Networked, multi-container image crawling with Docker and fig

Like many, I’ve been playing with Docker as it has been developing. I feltreasonably comfortable creating images and running isolated containers, but I had yet to tinker with automatically provisioning and networking multiple containers together.

To remedy this, I spent a weekend writing a simple distributed dockerized image crawler using Twisted, Docker, and fig. The full source (under a BSD license) can be found in the Github repo.

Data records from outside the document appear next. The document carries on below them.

section \<open>Periodic windows\<close>

definition shift_periodic :: "nat \<Rightarrow> nat \<Rightarrow> nat \<Rightarrow> (nat \<Rightarrow> 'a) \<Rightarrow> bool" where
  "shift_periodic m s e f \<longleftrightarrow> (\<forall>t. s \<le> t \<longrightarrow> t < e \<longrightarrow> f (t + m) = f t)"

lemma shift_periodic_compose: "shift_periodic m s e f \<Longrightarrow> shift_periodic m s e (\<lambda>t. g (f t))"
  by (simp add: shift_periodic_def)

lemma shift_periodic_multiple:
  assumes "shift_periodic m s e f" "s \<le> t" "t + j * m < e + m"
  shows "f (t + j * m) = f t"
  using assms(3)
proof (induction j)
  case (Suc j)
  then have "f (t + j * m + m) = f (t + j * m)"
    using assms(1,2) unfolding shift_periodic_def by simp
  then show ?case
    using Suc by (simp add: algebra_simps)
qed simp

lemma gain_shift_periodic:
  assumes "shift_periodic m s e A" "s \<le> p" "p \<le> e"
  shows "gain A x y (p + m) - gain A x y p = gain A x y (s + m) - gain A x y s"
  using assms(2,3)
proof (induction p rule: dec_induct)
  case (step p)
  then have "A (p + m) = A p"
    using assms(1) unfolding shift_periodic_def by simp
  then show ?case
    using step by simp
qed simp

lemma gain_shift_multiple:
  assumes "shift_periodic m s e A" "s \<le> t" "t + j * m \<le> e + m"
  shows "gain A x y (t + j * m) - gain A x y t = int j * (gain A x y (s + m) - gain A x y s)"
  using assms(3)
proof (induction j)
  case (Suc j)
  have "gain A x y (t + j * m + m) - gain A x y (t + j * m) = gain A x y (s + m) - gain A x y s"
    using assms(2) Suc.prems by (intro gain_shift_periodic[OF assms(1)]) auto
  then show ?case
    using Suc by (simp add: algebra_simps)
qed simp

lemma sum_rotate_mod:
  fixes f :: "nat \<Rightarrow> 'a::comm_monoid_add"
  assumes "0 < m"
  shows "(\<Sum>d<m. f ((c + d) mod m)) = (\<Sum>j<m. f j)"
proof (induction c)
  case 0
  show ?case
    by (intro sum.cong) auto
next
  case (Suc c)
  define g where "g d = f ((c + d) mod m)" for d
  obtain k where m: "m = Suc k"
    using assms by (cases m) auto
  have "g m = g 0"
    by (simp add: g_def)
  have "(\<Sum>d<m. g (Suc d)) = (\<Sum>d<k. g (Suc d)) + g m"
    unfolding m by (rule sum.lessThan_Suc)
  also have "\<dots> = (\<Sum>d<m. g d)"
    unfolding m sum.lessThan_Suc_shift using \<open>g m = g 0\<close> m by (simp add: add.commute)
  finally show ?case
    using Suc by (simp add: g_def)
qed

lemma gain_rotated_period:
  assumes "0 < m" "\<And>d. d < m \<Longrightarrow> A (s + d) = h ((c + d) mod m)"
  shows "gain A x y (s + m) - gain A x y s = (\<Sum>j<m. weight x y (h j))"
proof -
  have "gain A x y (s + m) - gain A x y s = (\<Sum>d<m. weight x y (h ((c + d) mod m)))"
    unfolding gain_add using assms(2) by (intro sum.cong) auto
  also have "\<dots> = (\<Sum>j<m. weight x y (h j))"
    by (rule sum_rotate_mod[OF assms(1)])
  finally show ?thesis .
qed

lemma frac_until_from_later_period:
  assumes A: "shift_periodic m i (i + q * m) A"
    and D: "0 \<le> gain A x y (i + m) - gain A x y i"
    and later: "frac_until A B x y (i + q * m)"
  shows "frac_until A B x y i"
proof -
  obtain p where p: "i + q * m \<le> p" "B p" "gain A x y (i + q * m) \<le> gain A x y p"
    using later unfolding frac_until_def by blast
  have "gain A x y (i + q * m) - gain A x y i = int q * (gain A x y (i + m) - gain A x y i)"
    by (rule gain_shift_multiple[OF A]) simp_all
  also have "\<dots> \<ge> 0"
    using D by simp
  finally show ?thesis
    unfolding frac_until_def using p by (intro exI[of _ p]) auto
qed

lemma frac_until_to_later_period:
  assumes A: "shift_periodic m i (i + q * m) A" and B: "shift_periodic m i (i + q * m) B"
    and m: "0 < m" and D: "gain A x y (i + m) - gain A x y i \<le> 0"
    and earlier: "frac_until A B x y i"
  shows "frac_until A B x y (i + q * m)"
proof -
  let ?G = "gain A x y" and ?D = "gain A x y (i + m) - gain A x y i"
  obtain p where p: "i \<le> p" "B p" "?G i \<le> ?G p"
    using earlier unfolding frac_until_def by blast
  have later: "?G (i + q * m) - ?G i = int q * ?D"
    by (rule gain_shift_multiple[OF A]) simp_all
  show ?thesis
  proof (cases "i + q * m \<le> p")
    case True
    have "int q * ?D \<le> 0"
      using D by (simp add: mult_nonneg_nonpos)
    then show ?thesis
      unfolding frac_until_def using True p later by (intro exI[of _ p]) auto
  next
    case False
    \<comment> \<open>move the witness forward by whole periods into the last period of the window\<close>
    define q0 where "q0 = (p - i) div m"
    define p' where "p' = p + (q - q0) * m"
    have p_eq: "p = i + q0 * m + (p - i) mod m"
      unfolding q0_def using p(1) by simp
    have "q0 < q"
      using False p(1) m unfolding q0_def by (simp add: div_less_iff_less_mult)
    then have "q0 * m + (q - q0) * m = q * m"
      by (simp flip: add_mult_distrib)
    then have p'_eq: "p' = i + q * m + (p - i) mod m"
      unfolding p'_def using p_eq by linarith
    have p'_bound: "p' < i + q * m + m"
      unfolding p'_eq using m by simp
    have "B p'"
      unfolding p'_def using shift_periodic_multiple[OF B p(1)] p'_bound p(2) by (simp add: p'_def)
    moreover have "?G p' - ?G p = int (q - q0) * ?D"
      unfolding p'_def by (rule gain_shift_multiple[OF A p(1)]) (use p'_bound p'_def in simp)
    moreover have "int q0 * ?D \<le> 0"
      using D by (simp add: mult_nonneg_nonpos)
    ultimately have "?G (i + q * m) \<le> ?G p'"
      using later p(3) \<open>q0 < q\<close> by (simp add: of_nat_diff algebra_simps)
    moreover have "i + q * m \<le> p'"
      unfolding p'_eq by simp
    ultimately show ?thesis
      unfolding frac_until_def using \<open>B p'\<close> by blast
  qed
qed

context
  fixes A B :: "nat \<Rightarrow> bool" and s len n x y :: nat
  assumes len_pos: "0 < len"
    and A_periodic: "shift_periodic len s (s + (n - 1) * len) A"
    and B_periodic: "shift_periodic len s (s + (n - 1) * len) B"
begin

private definition "D = gain A x y (s + len) - gain A x y s"
private definition "last_start = s + (n - 1) * len"

private definition "reach_near i \<longleftrightarrow> (\<exists>p. i \<le> p \<and> p < i + len \<and> B p \<and> gain A x y i \<le> gain A x y p)"
private definition "reach_tail g \<longleftrightarrow> (\<exists>p\<ge>last_start. B p \<and> g \<le> gain A x y p)"

private definition defective_period :: "nat \<Rightarrow> bool" where
  "defective_period t \<longleftrightarrow>
     (\<exists>r<len. frac_until A B x y (s + t * len + r) \<noteq> frac_until A B x y (s + t * len + r + len))"

private lemma window_bound: "r < len \<Longrightarrow> t < n \<Longrightarrow> s + r + t * len < s + (n - 1) * len + len"
  by (cases n) (auto dest: less_imp_Suc_add simp: algebra_simps)

private lemma B_from_first_period:
  assumes "r < len" "t < n"
  shows "B (s + t * len + r) = B (s + r)"
  using shift_periodic_multiple[OF B_periodic le_add1 window_bound[OF assms]]
  by (simp add: ac_simps)

private lemma gain_from_first_period:
  assumes "r < len" "t < n"
  shows "gain A x y (s + t * len + r) = gain A x y (s + r) + int t * D"
  using gain_shift_multiple[OF A_periodic le_add1 less_imp_le[OF window_bound[OF assms]],
      where x = x and y = y]
  unfolding D_def by (simp add: ac_simps diff_eq_eq)

private lemma reach_tail_antimono: "g \<le> g' \<Longrightarrow> reach_tail g' \<Longrightarrow> reach_tail g"
  unfolding reach_tail_def by force

private lemma frac_until_split:
  assumes "s \<le> i" "i \<le> last_start"
  shows "frac_until A B x y i \<longleftrightarrow> reach_near i \<or> reach_tail (gain A x y i)"
proof
  assume "frac_until A B x y i"
  then obtain p where p: "i \<le> p" "B p" "gain A x y i \<le> gain A x y p"
    unfolding frac_until_def by blast
  consider "p < i + len" | "last_start \<le> p" | "i + len \<le> p" "p < last_start"
    by linarith
  then show "reach_near i \<or> reach_tail (gain A x y i)"
  proof cases
    case 3
    define t where "t = (p - s) div len"
    define r where "r = (p - s) mod len"
    have p_eq: "p = s + t * len + r" and r: "r < len"
      using p(1) assms(1) len_pos unfolding t_def r_def by auto
    have t: "t < n - 1"
      using 3(2) p_eq unfolding last_start_def
      by (metis add_lessD1 add_less_cancel_left mult_less_cancel2)
    have Bp: "B p = B (s + r)" and Gp: "gain A x y p = gain A x y (s + r) + int t * D"
      using B_from_first_period[OF r, of t] gain_from_first_period[OF r, of t] t p_eq by auto
    \<comment> \<open>move the witness by whole periods: to the last period of the window if a period
      does not lose, otherwise back into the period right after \<open>i\<close>\<close>
    show ?thesis
    proof (cases "0 \<le> D")
      case True
      let ?p' = "s + (n - 1) * len + r"
      have "B ?p'" "gain A x y ?p' = gain A x y (s + r) + int (n - 1) * D"
        using B_from_first_period[OF r] gain_from_first_period[OF r] t p(2) Bp by auto
      moreover have "int t * D \<le> int (n - 1) * D"
        using True t by (intro mult_right_mono) auto
      ultimately have "reach_tail (gain A x y i)"
        unfolding reach_tail_def last_start_def using p(3) Gp by (intro exI[of _ ?p']) auto
      then show ?thesis ..
    next
      case False
      define p' where "p' = i + (p - i) mod len"
      define j where "j = (p - i) div len"
      have p_eq': "p = p' + j * len"
        unfolding p'_def j_def using p(1) by simp
      have "B p' = B p"
        using shift_periodic_multiple[OF B_periodic, of p' j] assms(1) 3(2) p_eq'
        unfolding p'_def last_start_def by simp
      moreover have "gain A x y p - gain A x y p' = int j * D"
        using gain_shift_multiple[OF A_periodic, of p' j] assms(1) 3(2) p_eq'
        unfolding p'_def last_start_def D_def by simp
      moreover have "int j * D \<le> 0"
        using False by (simp add: mult_nonneg_nonpos)
      moreover have "i \<le> p'" "p' < i + len"
        unfolding p'_def using len_pos by simp_all
      ultimately have "reach_near i"
        unfolding reach_near_def using p by (intro exI[of _ p']) auto
      then show ?thesis ..
    qed
  qed (use p in \<open>auto simp: reach_near_def reach_tail_def\<close>)
next
  assume "reach_near i \<or> reach_tail (gain A x y i)"
  then show "frac_until A B x y i"
    unfolding frac_until_def reach_near_def reach_tail_def using assms(2) by (meson order_trans)
qed

private lemma shift_by_period:
  assumes "s \<le> p" "p < last_start"
  shows "B (p + len) = B p" "gain A x y (p + len) = gain A x y p + D"
  using B_periodic gain_shift_periodic[OF A_periodic assms(1), where x=x and y=y] assms
  unfolding shift_periodic_def last_start_def D_def by auto

private lemma reach_near_shift:
  assumes "s \<le> i" "i + len \<le> last_start"
  shows "reach_near (i + len) \<longleftrightarrow> reach_near i"
proof -
  have i: "gain A x y (i + len) = gain A x y i + D"
    using shift_by_period(2)[of i] assms len_pos by simp
  have p: "B (p + len) = B p" "gain A x y (p + len) = gain A x y p + D"
    if "i \<le> p" "p < i + len" for p
    using shift_by_period[of p] that assms by auto
  show ?thesis
  proof
    assume "reach_near (i + len)"
    then obtain p where "i + len \<le> p" "p < i + len + len" "B p"
      "gain A x y (i + len) \<le> gain A x y p"
      unfolding reach_near_def by blast
    moreover have "p = (p - len) + len"
      using calculation(1) by simp
    ultimately show "reach_near i"
      unfolding reach_near_def using i p[of "p - len"] by (intro exI[of _ "p - len"]) auto
  next
    assume "reach_near i"
    then obtain p where "i \<le> p" "p < i + len" "B p" "gain A x y i \<le> gain A x y p"
      unfolding reach_near_def by blast
    then show "reach_near (i + len)"
      unfolding reach_near_def using i p[of p] by (intro exI[of _ "p + len"]) auto
  qed
qed

private lemma frac_until_shift_change:
  assumes "s \<le> i" "i + len \<le> last_start"
    and "frac_until A B x y i \<noteq> frac_until A B x y (i + len)"
  shows "reach_tail (gain A x y i) \<noteq> reach_tail (gain A x y i + D)"
  using assms frac_until_split[of i] frac_until_split[of "i + len"] reach_near_shift
    shift_by_period(2)[of i] len_pos by auto

private lemma defective_period_tail_flip:
  assumes "defective_period t" "t + 3 \<le> n"
  obtains r where "r < len"
    "reach_tail (gain A x y (s + r) + int t * D) \<noteq> reach_tail (gain A x y (s + r) + int t * D + D)"
proof -
  obtain r where r: "r < len"
    and change: "frac_until A B x y (s + t * len + r) \<noteq> frac_until A B x y (s + t * len + r + len)"
    using assms(1) unfolding defective_period_def by blast
  have "t * len + r + len \<le> (t + 2) * len"
    using r by simp
  also have "\<dots> \<le> (n - 1) * len"
    using assms(2) by (intro mult_right_mono) auto
  finally have "s + t * len + r + len \<le> last_start"
    unfolding last_start_def by simp
  then show ?thesis
    using that[OF r] frac_until_shift_change[OF _ _ change] gain_from_first_period[OF r, of t]
      assms(2)
    by simp
qed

The README covers a lot of this in more detail, but the application is comprised of three container types:

  • An HTTP web API for enqueuing jobs. For the sake of this example, you only run one of these, but it’d be easy to adapt the code to support multiple instances.
  • A worker container that carries out the image crawling. You can run as many as these as you’d like.
  • A Redis container that is used for tracking job state and results.

The worker daemons connect to the HTTP web API container over ZeroMQ, PULLing jobs that the HTTP daemon PUSHes. If this were anything but a toy app, you’d probably want a proper message broker that could offer stronger deliverability and persistence guarantees.

Assorted Observations

  • I may have been doing something wrong, but boot2docker seems to be pretty rough with volume mounting. It looks like it’d be pretty easy to mount a directory within the boot2docker VM, but the host machine->container sharing didn’t work in real-time. I expect this will improve with time, or I could have missed something.
  • fig is a great idea, and is very handy. I’m looking forward to seeing where this concept is taken over the next few years.
  • There is a great python:2.7 image on Docker Hub that serves as a great starting point. They’ve got all sorts of other versions and alternative implementations (PyPy) covered.